Fusion energy has the potential to deliver a reliable, zero-emissions electricity source in the future—if companies can successfully construct and operate the facilities. However, a recent study indicates that even if this future materializes, it may not be affordable.

Typically, technologies become less costly over time. Lithium-ion batteries are currently approximately 90% cheaper compared to their prices in 2013. Nevertheless, historically, various technologies tend to follow this trend at different speeds. The expenses associated with fusion may not decrease as rapidly as those for batteries or solar energy.

Making forecasts about the expenses of a technology that is not yet developed is challenging. However, when billions of dollars in public and private investments are at stake, it is important to reflect on the assumptions we hold concerning our future energy portfolio and its expenses.

A vital metric is known as experience rate—the percentage by which the cost of an energy technology decreases every time capacity doubles. A higher rate indicates a quicker drop in pricing and improved economic benefits with scaling.

Traditionally, the experience rates are 12% for onshore wind energy, 20% for lithium-ion batteries, and 23% for solar panels. Other energy technologies have not decreased in price quite as swiftly—fission holds at merely 2%.

In the new study, published in Nature Energy, the researchers sought to refine predictions about fusion’s future costs by estimating the technology’s experience rate. The team analyzed three crucial factors correlated with experience rate: unit size, design intricacy, and customization requirements.

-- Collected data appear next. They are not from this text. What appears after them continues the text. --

lemma abs_integral_mult_le_Holder:
  fixes u v :: "'a::euclidean_space \<Rightarrow> real"
  assumes pq: "p > 1" "q > 1" "1/p + 1/q = 1"
    and int: "(\<lambda>x. u x * v x) integrable_on S"
      "(\<lambda>x. \<bar>u x\<bar> powr p) integrable_on S" "(\<lambda>x. \<bar>v x\<bar> powr q) integrable_on S"
  shows "\<bar>integral S (\<lambda>x. u x * v x)\<bar>
     \<le> integral S (\<lambda>x. \<bar>u x\<bar> powr p) powr (1/p) * integral S (\<lambda>x. \<bar>v x\<bar> powr q) powr (1/q)"
proof -
  have "(\<lambda>x. u x * v x) absolutely_integrable_on S"
  proof (rule absolutely_integrable_integrable_bound[OF _ int(1)])
    show "(\<lambda>x. \<bar>u x\<bar> powr p / p + \<bar>v x\<bar> powr q / q) integrable_on S"
      by (intro integrable_add integrable_on_divide int)
    show "norm (u x * v x) \<le> \<bar>u x\<bar> powr p / p + \<bar>v x\<bar> powr q / q" if "x \<in> S" for x
      using Youngs_inequality[OF pq, of "\<bar>u x\<bar>" "\<bar>v x\<bar>"] by (simp add: abs_mult)
  qed
  then have abs_int: "(\<lambda>x. \<bar>u x\<bar> * \<bar>v x\<bar>) integrable_on S"
    by (simp add: absolutely_integrable_on_def abs_mult)
  have "\<bar>integral S (\<lambda>x. u x * v x)\<bar> \<le> integral S (\<lambda>x. \<bar>u x\<bar> * \<bar>v x\<bar>)"
    using integral_norm_bound_integral[OF int(1) abs_int] by (simp add: abs_mult)
  also have "\<dots> \<le> integral S (\<lambda>x. \<bar>u x\<bar> powr p) powr (1/p) * integral S (\<lambda>x. \<bar>v x\<bar> powr q) powr (1/q)"
    by (rule integral_mult_le_Holder[OF pq _ _ abs_int int(2,3)]) auto
  finally show ?thesis .
qed

lemma s_concave_on_subset: "s_concave_on s A g \<Longrightarrow> B \<subseteq> A \<Longrightarrow> s_concave_on s B g"
  unfolding s_concave_on_def by blast

lemma s_concave_on_midpoint_ge:
  assumes conc: "s_concave_on s {x..y} g" and u: "u \<in> {x..y}"
  shows "(1/2) powr s * (g u + g (x + y - u)) \<le> g ((x + y) / 2)"
proof -
  have "x + y - u \<in> {x..y}" "(1/2::real) \<in> {0..1}" using u by auto
  then have "(1/2) powr s * g u + (1 - 1/2) powr s * g (x + y - u)
      \<le> g ((1/2) * u + (1 - 1/2) * (x + y - u))"
    using conc u unfolding s_concave_on_def by blast
  also have "(1/2) * u + (1 - 1/2) * (x + y - u) = (x + y) / 2" by (simp add: field_simps)
  finally show ?thesis by (simp add: distrib_left)
qed

lemma s_concave_on_le_midpoint:
  assumes conc: "s_concave_on s {x..y} g" and u: "u \<in> {x..y}"
  shows "g u \<le> 2 powr s * g ((x + y) / 2)"
proof -
  have "g (x + y - u) \<ge> 0" using conc u unfolding s_concave_on_def by auto
  then have "(1/2) powr s * g u \<le> (1/2) powr s * (g u + g (x + y - u))"
    by (intro mult_left_mono) auto
  also note s_concave_on_midpoint_ge[OF conc u]
  finally have "(1/2) powr s * g u \<le> g ((x + y) / 2)" .
  then show ?thesis by (simp add: powr_divide field_simps)
qed

lemma has_integral_reflect_interval:
  fixes g :: "real \<Rightarrow> real"
  assumes "x \<le> y" "g integrable_on {x..y}"
  shows "((\<lambda>z. g (x + y - z)) has_integral integral {x..y} g) {x..y}"
proof -
  have "((\<lambda>z. g ((-1) *\<^sub>R z + (x + y))) has_integral (1 / \<bar>-1\<bar> ^ DIM(real)) *\<^sub>R integral {x..y} g)
     ((\<lambda>z. (1 / -1) *\<^sub>R z + - ((1 / -1) *\<^sub>R (x + y))) ` cbox x y)"
    by (rule has_integral_affinity) (use assms in auto)
  moreover have "(\<lambda>z. (1 / -1) *\<^sub>R z + - ((1 / -1) *\<^sub>R (x + y))) ` cbox x y = {x..y}"
  proof -
    have "w \<in> (\<lambda>z. (1 / -1) *\<^sub>R z + - ((1 / -1) *\<^sub>R (x + y))) ` cbox x y" if "w \<in> {x..y}" for w
      using that by (intro image_eqI[of _ _ "x + y - w"]) auto
    then show ?thesis by auto
  qed
  ultimately show ?thesis by (simp add: algebra_simps)
qed

lemma s_concave_on_integral_le:
  fixes g :: "real \<Rightarrow> real"
  assumes conc: "s_concave_on s {x..y} g" and "x \<le> y" and int: "g integrable_on {x..y}"
  shows "integral {x..y} g \<le> (y - x) * 2 powr (s - 1) * g ((x + y) / 2)"
proof -
  have midpoint_bound:
    "(1/2) powr s * (integral {x..y} g + integral {x..y} g) \<le> (y - x) * g ((x + y) / 2)"
  proof (rule has_integral_le[OF _ _ s_concave_on_midpoint_ge[OF conc]])
    show "((\<lambda>z. (1/2) powr s * (g z + g (x + y - z))) has_integral
        (1/2) powr s * (integral {x..y} g + integral {x..y} g)) {x..y}"
      by (intro has_integral_mult_right has_integral_add integrable_integral int
          has_integral_reflect_interval \<open>x \<le> y\<close>)
    show "((\<lambda>z. g ((x + y) / 2)) has_integral (y - x) * g ((x + y) / 2)) {x..y}"
      using has_integral_const_real[of "g ((x + y) / 2)" x y] \<open>x \<le> y\<close> by (simp add: mult.commute)
  qed
  have "2 powr (s - 1) * (2 * (1/2) powr s) = (1::real)"
    by (simp add: powr_divide powr_diff)
  then have "integral {x..y} g = (2 powr (s - 1) * (2 * (1/2) powr s)) * integral {x..y} g"
    by simp
  also have "\<dots> = 2 powr (s - 1) * ((1/2) powr s * (integral {x..y} g + integral {x..y} g))"
    by (simp add: algebra_simps)
  also have "\<dots> \<le> 2 powr (s - 1) * ((y - x) * g ((x + y) / 2))"
    using midpoint_bound by (rule mult_left_mono) simp
  finally show ?thesis by (simp add: algebra_simps)
qed

lemma has_integral_linear_weight_derivative:
  fixes f f' :: "real \<Rightarrow> real"
  assumes deriv: "\<And>x. x \<in> {x0..x1} \<Longrightarrow> (f has_real_derivative f' x) (at x)" and "x0 \<le> x1"
  shows "((\<lambda>x. (x - k) * f' x) has_integral
           (x1 - k) * f x1 - (x0 - k) * f x0 - integral {x0..x1} f) {x0..x1}"
proof -
  have ftc: "((\<lambda>x. f x + (x - k) * f' x) has_integral (x1 - k) * f x1 - (x0 - k) * f x0) {x0..x1}"
  proof (rule fundamental_theorem_of_calculus[OF \<open>x0 \<le> x1\<close>])
    fix x assume "x \<in> {x0..x1}"
    then have "((\<lambda>x. (x - k) * f x) has_real_derivative f x + (x - k) * f' x) (at x)"
      using deriv by (auto intro!: derivative_eq_intros)
    then show "((\<lambda>x. (x - k) * f x) has_vector_derivative f x + (x - k) * f' x) (at x within {x0..x1})"
      by (simp add: has_real_derivative_iff_has_vector_derivative has_vector_derivative_at_within)
  qed
  have "f integrable_on {x0..x1}"
    using deriv by (intro integrable_continuous_interval)
      (meson DERIV_isCont continuous_at_imp_continuous_on)
  from has_integral_diff[OF ftc integrable_integral[OF this]] show ?thesis by simp
qed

The greater the size and complexity of a technology and/or the more it needs to be tailored for various applications, the lower the experience rate.

The study involved interviews with fusion specialists, including public-sector researchers and individuals from private companies. They asked the experts to assess fusion power plants based on those characteristics and utilized that data to forecast the experience rate. (A note here: The study addressed only magnetic confinement and laser inertial confinement, two of the foremost fusion strategies, which collectively are the primary recipients of current funding. Other methods might offer different cost advantages.)

Fusion facilities are likely to be relatively large, akin to other types of plants (such as those for coal and fission power) that depend on generating heat. They may require less customization compared to fission plants—primarily because regulations and safety considerations should be more straightforward—but more than technologies such as solar panels. Regarding complexity, “there was almost unanimous consensus that fusion is exceedingly complex,” remarks Lingxi Tang, a PhD candidate in the energy and technology policy group at ETH Zurich in Switzerland and one of the study’s authors. (Some experts suggested it was literally beyond the scale the researchers provided.)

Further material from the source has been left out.